The biggest downside was how hard it is to read in large chunks. There’s so much interesting information packed into each Chapter that I haven’t actually read more than one a chapter in a single sitting. I usually wind up taking a break so I can digest what I’m learning and let it get comfortable in my brain before I start reading the next chapter. Which isn’t to say it’s poorly written. The Weinersmiths did a great job of making the entire book a delight to read and I’m excited to read each and every chapter. I just wound up reading only one chapter a day and starting another, much simpler, book to read after my daily chapter.

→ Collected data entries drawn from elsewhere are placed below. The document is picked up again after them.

(* Let $x(t)=x^{(N)}(t)$ be the Markov process with generator $L=L_0+L_s$ defined in the context, and let $R_N(t):=\mathsf E\,V(x(t))$. Assume $\sup_N |R_N(0)|<\infty$, and let $t(N)\to\infty$ as $N\to\infty$. Put $\varkappa=\sum_{j=1}^l k_j^2-k$. Then, as $N\to\infty$ (with $f\sim g$ meaning $f/g\to1$): (i) if $t(N)/N^2\to0$, then $R_N(t(N))\sim\alpha b_2\,t(N)$; (ii) if $t(N)=cN^2$ for a constant $c>0$, then $R_N(t(N))\sim\alpha b_2(\delta\varkappa)^{-1}\big(1-e^{-\delta\varkappa c}\big)N^2$; (iii) if $t(N)/N^2\to\infty$, then $R_N(t(N))\sim\alpha b_2(\delta\varkappa)^{-1}N^2$.
   Context: Fix an integer $k\ge2$ and integers $k_1,\dots,k_l\ge2$ with $k_1+\dots+k_l=k$ (fixed independently of $N$). For $N\ge k$, let $\mathcal I$ be the set of ordered $k$-tuples $(i_1,\dots,i_k)$ of pairwise distinct elements of $\{1,\dots,N\}$. For $(i_1,\dots,i_k)\in\mathcal I$ split it into consecutive blocks $\Gamma_1,\dots,\Gamma_l$ of lengths $k_1,\dots,k_l$ and let $g_j$ be the first element of $\Gamma_j$. The synchronization map $J^{(i_1,\dots,i_k)}:\mathbb{R}^N\to\mathbb{R}^N$, $x\mapsto y$, is $y_m=x_m$ if $m\notin\{i_1,\dots,i_k\}$ and $y_m=x_{g_j}$ if $m\in\Gamma_j$. Let $\alpha>0,\delta>0$ (independent of $N$), and let $\rho$ be a probability measure on $\mathbb{R}$ with compact support and $b_2:=\int z^2\rho(dz)>0$. The process $x(t)=(x_1(t),\dots,x_N(t))\in\mathbb{R}^N$ is the continuous-time Markov jump process with generator $L=L_0+L_s$, $(L_0f)(x)=\alpha\sum_{i=1}^N\int\big(f(x+ze_i)-f(x)\big)\rho(dz)$, $(L_sf)(x)=\frac{\delta}{N(N-1)\cdots(N-k+1)}\sum_{(i_1,\dots,i_k)\in\mathcal I}\big(f(J^{(i_1,\dots,i_k)}x)-f(x)\big)$: each particle independently jumps $x_i\to x_i+z$, $z\sim\rho$, at rate $\alpha$, and independently at rate $\delta$ a uniformly random tuple of $\mathcal I$ is chosen and the configuration is replaced by $J^{(i_1,\dots,i_k)}x$. The initial configuration $x(0)$ may be random. $V(x)=\frac{1}{N(N-1)}\sum_{1\le m<n\le N}(x_m-x_n)^2$ (the empirical variance). *)

theory Defs
  imports "HOL-Probability.Probability" "HOL-Library.Landau_Symbols"
begin

text \<open>Configurations of N particles are functions nat => real; only indices 0..N-1 matter.\<close>

text \<open>Given block lengths ks = [k_1,...,k_l] and a position p in a tuple of length sum ks,
  block_start ks p is the position of the first element of the block containing p.\<close>
fun block_start :: "nat list \<Rightarrow> nat \<Rightarrow> nat" where
  "block_start [] p = 0"
| "block_start (a # ks) p = (if p < a then 0 else a + block_start ks (p - a))"

definition tuples :: "nat \<Rightarrow> nat \<Rightarrow> nat list set" where
  "tuples N k = {is. length is = k \<and> distinct is \<and> set is \<subseteq> {..<N}}"

definition sync_map :: "nat list \<Rightarrow> nat list \<Rightarrow> (nat \<Rightarrow> real) \<Rightarrow> (nat \<Rightarrow> real)" where
  "sync_map ks is x = (\<lambda>m. if m \<in> set is
      then x (is ! block_start ks (THE p. p < length is \<and> is ! p = m))
      else x m)"

definition gen_L :: "real \<Rightarrow> real \<Rightarrow> real measure \<Rightarrow> nat list \<Rightarrow> nat
    \<Rightarrow> ((nat \<Rightarrow> real) \<Rightarrow> real) \<Rightarrow> (nat \<Rightarrow> real) \<Rightarrow> real" where
  "gen_L \<alpha> \<delta> \<rho> ks N f x =
     \<alpha> * (\<Sum>i<N. \<integral>z. (f (x(i := x i + z)) - f x) \<partial>\<rho>)
   + \<delta> / (\<Prod>j<sum_list ks. real (N - j)) *
       (\<Sum>is\<in>tuples N (sum_list ks). f (sync_map ks is x) - f x)"

text \<open>Uniformization: total jump rate lam = alpha N + delta; one-step transition operator
  K f = f + L f / lam (the embedded jump chain at the rings of a Poisson clock of rate lam).\<close>
definition unif_rate :: "real \<Rightarrow> real \<Rightarrow> nat \<Rightarrow> real" where
  "unif_rate \<alpha> \<delta> N = \<alpha> * real N + \<delta>"

definition jump_op :: "real \<Rightarrow> real \<Rightarrow> real measure \<Rightarrow> nat list \<Rightarrow> nat
    \<Rightarrow> ((nat \<Rightarrow> real) \<Rightarrow> real) \<Rightarrow> (nat \<Rightarrow> real) \<Rightarrow> real" where
  "jump_op \<alpha> \<delta> \<rho> ks N f x = f x + gen_L \<alpha> \<delta> \<rho> ks N f x / unif_rate \<alpha> \<delta> N"

text \<open>E f(x(t)) for the Markov jump process with generator L and initial law mu0:
  condition on the number n of rings of the Poisson(lam t) clock up to time t.\<close>
definition proc_expect :: "real \<Rightarrow> real \<Rightarrow> real measure \<Rightarrow> nat list \<Rightarrow> nat
    \<Rightarrow> (nat \<Rightarrow> real) measure \<Rightarrow> ((nat \<Rightarrow> real) \<Rightarrow> real) \<Rightarrow> real \<Rightarrow> real" where
  "proc_expect \<alpha> \<delta> \<rho> ks N \<mu>0 f t =
     (\<Sum>n. exp (- (unif_rate \<alpha> \<delta> N * t)) * (unif_rate \<alpha> \<delta> N * t) ^ n / fact n
            * (\<integral>x. ((jump_op \<alpha> \<delta> \<rho> ks N ^^ n) f) x \<partial>\<mu>0))"

definition emp_var :: "nat \<Rightarrow> (nat \<Rightarrow> real) \<Rightarrow> real" where
  "emp_var N x = 1 / (real N * (real N - 1)) *
     (\<Sum>m<N. \<Sum>n\<in>{m<..<N}. (x m - x n)^2)"

end
(* Let $K \geq 1$ be an integer. Let $X$ be uniformly distributed on $[0,1)$, and let $K-1$ thresholds be drawn independently of each other and of $X$, each uniformly distributed on $[0,1)$; denote them in ascending order by $a_1 \leq a_2 \leq \cdots \leq a_{K-1}$, and set $a_0 = 0$, $a_K = 1$. Define the encoder $\alpha:[0,1) \to \{1,2,\ldots,K\}$ by $\alpha(x) = k$ for $x \in [a_{k-1}, a_k)$. Then the expected conditional entropy of the quantizer index given the thresholds, averaged over the thresholds, is $$R = \mathbb{E}\Big[ H\big(\alpha(X) \,\big|\, \{a_k\}_{k=1}^{K-1}\big)\Big] = \frac{1}{\ln 2}\sum_{k=2}^{K} \frac{1}{k}.$$
   Context: For fixed values of the thresholds, $H(\alpha(X) \mid \{a_k\}_{k=1}^{K-1})$ denotes the Shannon entropy in bits of the discrete random variable $\alpha(X)$ (with $X$ uniform on $[0,1)$ and the thresholds held fixed), i.e. $-\sum_{k} p_k \log_2 p_k$ where $p_k = \Pr[\alpha(X)=k]$, with the convention $0\log_2 0 = 0$; the outer expectation averages this quantity over the random thresholds. *)

theory Defs
  imports "HOL-Probability.Probability"
begin

definition unif01 :: "real measure" where
  "unif01 = uniform_measure lborel {0..<1}"

definition thresh_space :: "nat \<Rightarrow> (nat \<Rightarrow> real) measure" where
  "thresh_space K = PiM {..<K-1} (\<lambda>_. unif01)"

definition sorted_thr :: "nat \<Rightarrow> (nat \<Rightarrow> real) \<Rightarrow> nat \<Rightarrow> real" where
  "sorted_thr K t k =
     (if k = 0 then 0 else if K \<le> k then 1 else sort (map t [0..<K-1]) ! (k-1))"

definition encoder :: "nat \<Rightarrow> (nat \<Rightarrow> real) \<Rightarrow> real \<Rightarrow> nat" where
  "encoder K t x = (THE k. k \<in> {1..K} \<and> sorted_thr K t (k-1) \<le> x \<and> x < sorted_thr K t k)"

definition cell_prob :: "nat \<Rightarrow> (nat \<Rightarrow> real) \<Rightarrow> nat \<Rightarrow> real" where
  "cell_prob K t k = measure unif01 {x. encoder K t x = k}"

definition index_entropy :: "nat \<Rightarrow> (nat \<Rightarrow> real) \<Rightarrow> real" where
  "index_entropy K t =
     - (\<Sum>k\<in>{1..K}. (let p = cell_prob K t k in if p = 0 then 0 else p * log 2 p))"

end

theory Submission
  imports Defs
begin

text \<open>For a function \<open>g\<close> of the cell lengths let \<open>E\<^sub>n[g]\<close> be the mean of \<open>\<Sum>\<^sub>k g(cell\<^sub>k)\<close> over
  \<open>n\<close> uniform thresholds. A further uniform threshold \<open>u\<close> splits the cell containing it, and
  integrating over \<open>u\<close> a cell of length \<open>L\<close> contributes \<open>h(L) = 2 \<integral>\<^sub>0\<^sup>L g - L g(L)\<close> to the change,
  so \<open>E\<^sub>n\<^sub>+\<^sub>1[g] = E\<^sub>n[g] + E\<^sub>n[h]\<close>. For \<open>g(s) = -s ln s\<close> one gets \<open>h(s) = s\<^sup>2/2\<close>, and the same
  recursion applied to powers gives \<open>E\<^sub>n[s\<^sup>2] = 2/(n+2)\<close>; hence each threshold raises the
  entropy (in nats) by \<open>1/(n+2)\<close>.\<close>

interpretation unif01: prob_space unif01
  unfolding unif01_def by (rule prob_space_uniform_measure) auto
lemma coordinate_hyperplane_in_root_arrangement:
  "{x :: real^'n. x$k = 0} \<in> root_arrangement rootsC"
proof -
  define c :: "real^'n" where "c = (\<chi> i. if i = k then 0 else 1)"
  have abs_c: "\<bar>c$i\<bar> \<le> 1" for i
    by (simp add: c_def)
  have span: "span (root_face c) = {x. x$k = 0}"
  proof
    show "span (root_face c) \<subseteq> {x. x$k = 0}"
      using abs_c by (intro span_minimal subspace_coordinate_hyperplane
          root_face_subset_coordinate_hyperplane) (simp_all add: c_def)
    show "{x. x$k = 0} \<subseteq> span (root_face c)"
    proof
      fix x :: "real^'n"
      assume x: "x \<in> {x. x$k = 0}"
      have "x$i *\<^sub>R axis i 1 \<in> span (root_face c)" for i
      proof (cases "i = k")
        case True
        then show ?thesis
          using x by (simp add: span_zero)
      next
        case False
        then have "(x$i / 2) *\<^sub>R ((2 * c$i) *\<^sub>R axis i 1) \<in> span (root_face c)"
          by (intro span_mul span_base long_root_in_root_face) (simp add: c_def)
        then show ?thesis
          using False by (simp add: c_def)
      qed
      then have "(\<Sum>i\<in>UNIV. x$i *\<^sub>R axis i 1) \<in> span (root_face c)"
        by (intro span_sum)
      then show "x \<in> span (root_face c)"
        by (simp add: sum_coordinates_axis)
    qed
  qed
  have "dim (root_face c) = dim (span (root_face c))"
    by simp
  also have "\<dots> = CARD('n) - 1"
    by (simp only: span dim_coordinate_hyperplane)
  finally have "aff_dim (root_face c) = int CARD('n) - 2"
    using aff_dim_root_face[of c] by (simp add: of_nat_diff Suc_leI)
  moreover have "root_face c face_of convex hull rootsC"
    using abs_c by (rule root_face_face_of)
  ultimately show ?thesis
    unfolding root_arrangement_rootsC span[symmetric] by blast
qed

The other side of the problem is that I have a lot more interesting conversation topics now that I’ve learned so much about space elevators, interstellar mining, and programmable matter. While these things don’t come up very much in my typical day-to-day conversation, I’ve now got a lot of excellent ammunition for the next time my friends and I decide to drink and talk about how cool the future could be. I’ve already used some of what I’ve learned to start a discussion at work, during a meeting, since one of my coworkers used to work for an elevator company and a few others just love talking about future technology over lunch. This book is easily worth getting just for the conversations it starts.
My favorite part of the book, and what I consider to be the reason the book is so delightful to read, is the sheer enthusiasm the Weinersmiths pumped into Soonish. Even after a few years of research, writing, revising, and editing, you can still feel just how excited they must have been to learn about everything they covered in the book and there are even a few panels of comics in the book that show it plainly. If you follow Zach Weinersmith’s comic, SMBC, you can see a bunch of comics he wrote about it, scattered throughout the past year, showing just how enthusiastic he and his wife were. Reading a work of passion is always a much better experience than reading something someone felt forced to write.
I suggest picking up a copy of the book for your coffee table or library. It is on sale pretty much everywhere, right now, so I suggest getting it now while its cheap. Or later, when it’s less cheap. This book is easily worth thirty bucks.